Que bom, Denise! O engajamento do Visagem é muito importante. Vamos combinar uma teleconferência em breve para avançarmos com as ideias do prêmio.
TOTAL APOIO!
Querido Carlinhos, estamos juntos. Pode contar comigo.abraços, stella
Mais do que merecida homenagem Carlinhos, tenho certeza que está ideia será encantada por todos…
Assim esperamos, Berê.
Iniciativa linda e valorosa. Vem a coroar o longo e bem urdido projeto construído por Patrícia Monte-mór, por tantas décadas. A 1 Mostra Internacional de Filme Etnografico, de 1993, concebida e criada por ela, promoverá a discussão sobre imagem em movimento e etnografia, conjugando um vasto conjunto de proposições relacionadas à divulgação da produção nacional — de registros documentais já consagrados –como da produção internacional “clássica ” e contemporânea ou a discussão do sobre os usos da imagem na pesquisa e no trabalho de campo, a formação de publico -para além da universidade. Na programação de cada mostra a eleição de um tema ou a homenagem aos autores-cineasta, a projeção de filmes, seguida de debates, fóruns sobre pesquisa e imagem e especialmente, a criação de espaços formativos. Oficinas no âmbito dos eventos e depois junto ao Núcleo de Antropologia Visual da Uerj, extrapolaram o tempo do evento, pois os resultados desta iniciativa plural, múltipla e estimulante para corações e mentes cresceu e trouxe transformações para além da antropologia, mas certamente fecundou inarredavelmente o lugar da imagem na reflexão antropológica entre nós e possibilitou o compartilhamento de uma produção particular sobre mundos distintos e ricos, seja de um Brasil plural e diverso, sejam os filmes que transportavam pra realidades distantes. O vasto programa e atuação de Patrícia Monte-mór deu vez à formação de jovens antropólogos com maestria no uso de imagens e cuja produção passou a
chegar à “Mostra”, como dizíamos, com destaque e premiações.

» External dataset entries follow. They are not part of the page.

(* Let $\mathcal{Y}\subset\mathbb{R}$ be finite, $\mathcal{D}\subset\mathbb{R}$ finite, $p_D$ a zero-mean distribution on $\mathcal{D}$ giving positive probability to at least two elements, $\epsilon>0$, and let $\mathbf{D}_i$ be a row vector of length $n$ with i.i.d. entries distributed according to $p_D$. There exist a constant $c$ and a constant $\tilde{p}<1$, both independent of $\mathbf{y},\mathbf{y}'$ (and of $n$), such that for all sufficiently large $n$, for any $\mathbf{y},\mathbf{y}'\in\mathcal{Y}^n$ differing in $t\ge1$ components, $$\Pr\{Q_n(\mathbf{D}_i\mathbf{y})=Q_n(\mathbf{D}_i\mathbf{y}')\}\le\min\Big(\tilde{p},\frac{c}{\sqrt{t}}\Big).$$
   Context: $Q_n$ is the scalar quantizer that uniformly quantizes the interval $(-n^{0.5+\epsilon},n^{0.5+\epsilon})$ with step size $\Delta_n=2n^{-\epsilon}$, values outside this interval being mapped to the quantization level farthest from the origin on their side. *)

theory Defs
  imports "HOL-Probability.Probability"
begin

text \<open>The scalar quantizer Q_n (with parameter eps): the interval (-L, L), L = n powr (1/2 + eps),
  is divided uniformly into cells of width Delta = 2 * n powr (-eps) starting at -L
  (the last cell is truncated at L if 2L/Delta is not an integer); each cell is mapped to its
  midpoint.\<close>

definition Q_len :: "nat \<Rightarrow> real \<Rightarrow> real" where
  "Q_len n eps = real n powr (1/2 + eps)"

definition Q_step :: "nat \<Rightarrow> real \<Rightarrow> real" where
  "Q_step n eps = 2 * real n powr (- eps)"

definition Q_cells :: "nat \<Rightarrow> real \<Rightarrow> int" where
  "Q_cells n eps = \<lceil>2 * Q_len n eps / Q_step n eps\<rceil>"

definition Q_index :: "nat \<Rightarrow> real \<Rightarrow> real \<Rightarrow> int" where
  "Q_index n eps x =
     max 0 (min (Q_cells n eps - 1) \<lfloor>(x + Q_len n eps) / Q_step n eps\<rfloor>)"

definition Q :: "nat \<Rightarrow> real \<Rightarrow> real \<Rightarrow> real" where
  "Q n eps x = - Q_len n eps + Q_step n eps / 2 + Q_step n eps * real_of_int (Q_index n eps x)"

end

theory Submission
  imports Defs "HOL-Real_Asymp.Real_Asymp"
begin

text \<open>Write \<open>z = y - y'\<close>. If \<open>Q\<^sub>n(D y) = Q\<^sub>n(D y')\<close>, then either one of the two sums leaves
  \<open>(-L, L)\<close>, \<open>L = n\<^bsup>1/2+\<epsilon>\<^esup>\<close>, which by Hoeffding's inequality has probability
  \<open>exp(-\<Omega>(n\<^bsup>2\<epsilon>\<^esup>))\<close>, or \<open>|D z| < \<Delta>\<^sub>n\<close>. To bound the latter, write \<open>p\<^sub>D\<close> as a mixture: with
  probability \<open>r\<close> a fair coin between two atoms \<open>a \<noteq> b\<close>, otherwise a residual law. By pigeonhole,
  \<open>s \<ge> t/k\<close> of the \<open>t\<close> nonzero entries of \<open>z\<close> share one value \<open>w\<close>, where \<open>k\<close> bounds the number
  of possible differences. Conditioned on everything but the fair coins at these coordinates,
  \<open>D z\<close> is affine with slope \<open>(b - a) w\<close> in a \<open>Binomial(m, 1/2)\<close> count; once \<open>2\<Delta>\<^sub>n < |b - a| |w|\<close>
  the window catches at most one value of the count, which has probability at most
  \<open>1/\<surd>(m+1)\<close>. Averaging over \<open>m \<sim> Binomial(s, r)\<close> gives both \<open>1 - r/4\<close> and \<open>O(1/\<surd>s)\<close>.\<close>

lemma measure_bind_pmf_le_expectation:
  fixes M :: "'a pmf" and f :: "'a \<Rightarrow> 'b pmf"
  assumes "\<And>x. x \<in> set_pmf M \<Longrightarrow> measure_pmf.prob (f x) A \<le> g x"
    and "integrable M g"
  shows "measure_pmf.prob (bind_pmf M f) A \<le> measure_pmf.expectation M g"
proof -
  have g_nonneg: "AE x in M. 0 \<le> g x"
    using assms(1) by (intro AE_pmfI) (meson measure_nonneg order_trans)
  have "emeasure (bind_pmf M f) A = (\<integral>\<^sup>+x. emeasure (f x) A \<partial>M)"
    by simp
  also have "\<dots> \<le> (\<integral>\<^sup>+x. ennreal (g x) \<partial>M)"
    using assms(1) by (intro nn_integral_mono_AE AE_pmfI)
      (simp add: measure_pmf.emeasure_eq_measure ennreal_leI)
  also have "\<dots> = ennreal (measure_pmf.expectation M g)"
    using assms(2) g_nonneg by (rule nn_integral_eq_integral)
  finally have "emeasure (bind_pmf M f) A \<le> ennreal (measure_pmf.expectation M g)" .
  moreover have "0 \<le> measure_pmf.expectation M g"
    using g_nonneg by (simp add: integral_nonneg_AE)
  ultimately show ?thesis
    by (simp add: measure_pmf.emeasure_eq_measure ennreal_leI)
qed
theorem theorem2p4:
  fixes p :: real
  assumes "1 \<le> p" and "p \<le> 2"
  shows "(\<forall>(n::nat) (a::nat \<Rightarrow> real).
            (\<Sum>j=1..n. \<bar>a j\<bar>^2) powr (1/2)
              \<le> D_const (pstar p) *
                 (integral {0..1} (\<lambda>t. \<bar>\<Sum>j=1..n. a j * rademacher j t\<bar> powr p)) powr (1/p))
         \<and> khintchine_A p \<le> D_const (pstar p)"
proof -
  have khintchine: "\<forall>(n::nat) (a::nat \<Rightarrow> real).
            (\<Sum>j=1..n. \<bar>a j\<bar>^2) powr (1/2)
              \<le> D_const (pstar p) *
                 (integral {0..1} (\<lambda>t. \<bar>\<Sum>j=1..n. a j * rademacher j t\<bar> powr p)) powr (1/p)"
  proof (intro allI)
    fix n :: nat and a :: "nat \<Rightarrow> real"
    have "(\<Sum>j=1..n. \<bar>a j\<bar>^2) powr (1/2) = sqrt (\<Sum>j<n. (a (Suc j))\<^sup>2)"
      using sum.atLeast1_atMost_eq[of "\<lambda>j. \<bar>a j\<bar>^2" n] by (simp add: powr_half_sqrt sum_nonneg)
    also have "\<dots> \<le> D_const (pstar p) * sign_avg n (\<lambda>e. \<bar>\<Sum>j<n. a (Suc j) * e j\<bar> powr p) powr (1/p)"
      by (rule sqrt_sum_square_le_D_const[OF assms])
    also have "sign_avg n (\<lambda>e. \<bar>\<Sum>j<n. a (Suc j) * e j\<bar> powr p)
        = integral {0..1} (\<lambda>t. \<bar>\<Sum>j=1..n. a j * rademacher j t\<bar> powr p)"
      by (rule integral_rademacher_sum_powr[symmetric])
    finally show "(\<Sum>j=1..n. \<bar>a j\<bar>^2) powr (1/2)
        \<le> D_const (pstar p) * (integral {0..1} (\<lambda>t. \<bar>\<Sum>j=1..n. a j * rademacher j t\<bar> powr p)) powr (1/p)" .
  qed
  moreover have "khintchine_A p \<le> D_const (pstar p)"
    unfolding khintchine_A_def
  proof (rule cInf_lower)
    show "bdd_below {A. \<forall>(n::nat) (a::nat \<Rightarrow> real). (\<Sum>j=1..n. \<bar>a j\<bar>^2) powr (1/2)
        \<le> A * (integral {0..1} (\<lambda>t. \<bar>\<Sum>j=1..n. a j * rademacher j t\<bar> powr p)) powr (1/p)}"
      by (rule bdd_belowI, erule CollectE, erule khintchine_admissible_nonneg)
  qed (intro CollectI khintchine)
  ultimately show ?thesis ..
qed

Vivas à iniciativa de criação do premio Patrícia Monte-mór em reconhecimento a seu profícuo trabalho, cuja continuidade será assim, estimulada pela premiação e certamente outras tantas “mostras” e festivais, como já vem ocorrendo.
Nos seus 30 anos em 2023, será ocasião de comemorar e honrar as boas semeaduras conduzidas por Patrícia. E é claro, com festa, delicadeza, alegria e, certeza da dádiva que era cada uma das edições da Mostra Internacional do Filme Etnográfico, com seu público de aficionados e curiosos abertos às viagens, descobertas e revelações conduzidas pelas imagens sugeridas pela programação.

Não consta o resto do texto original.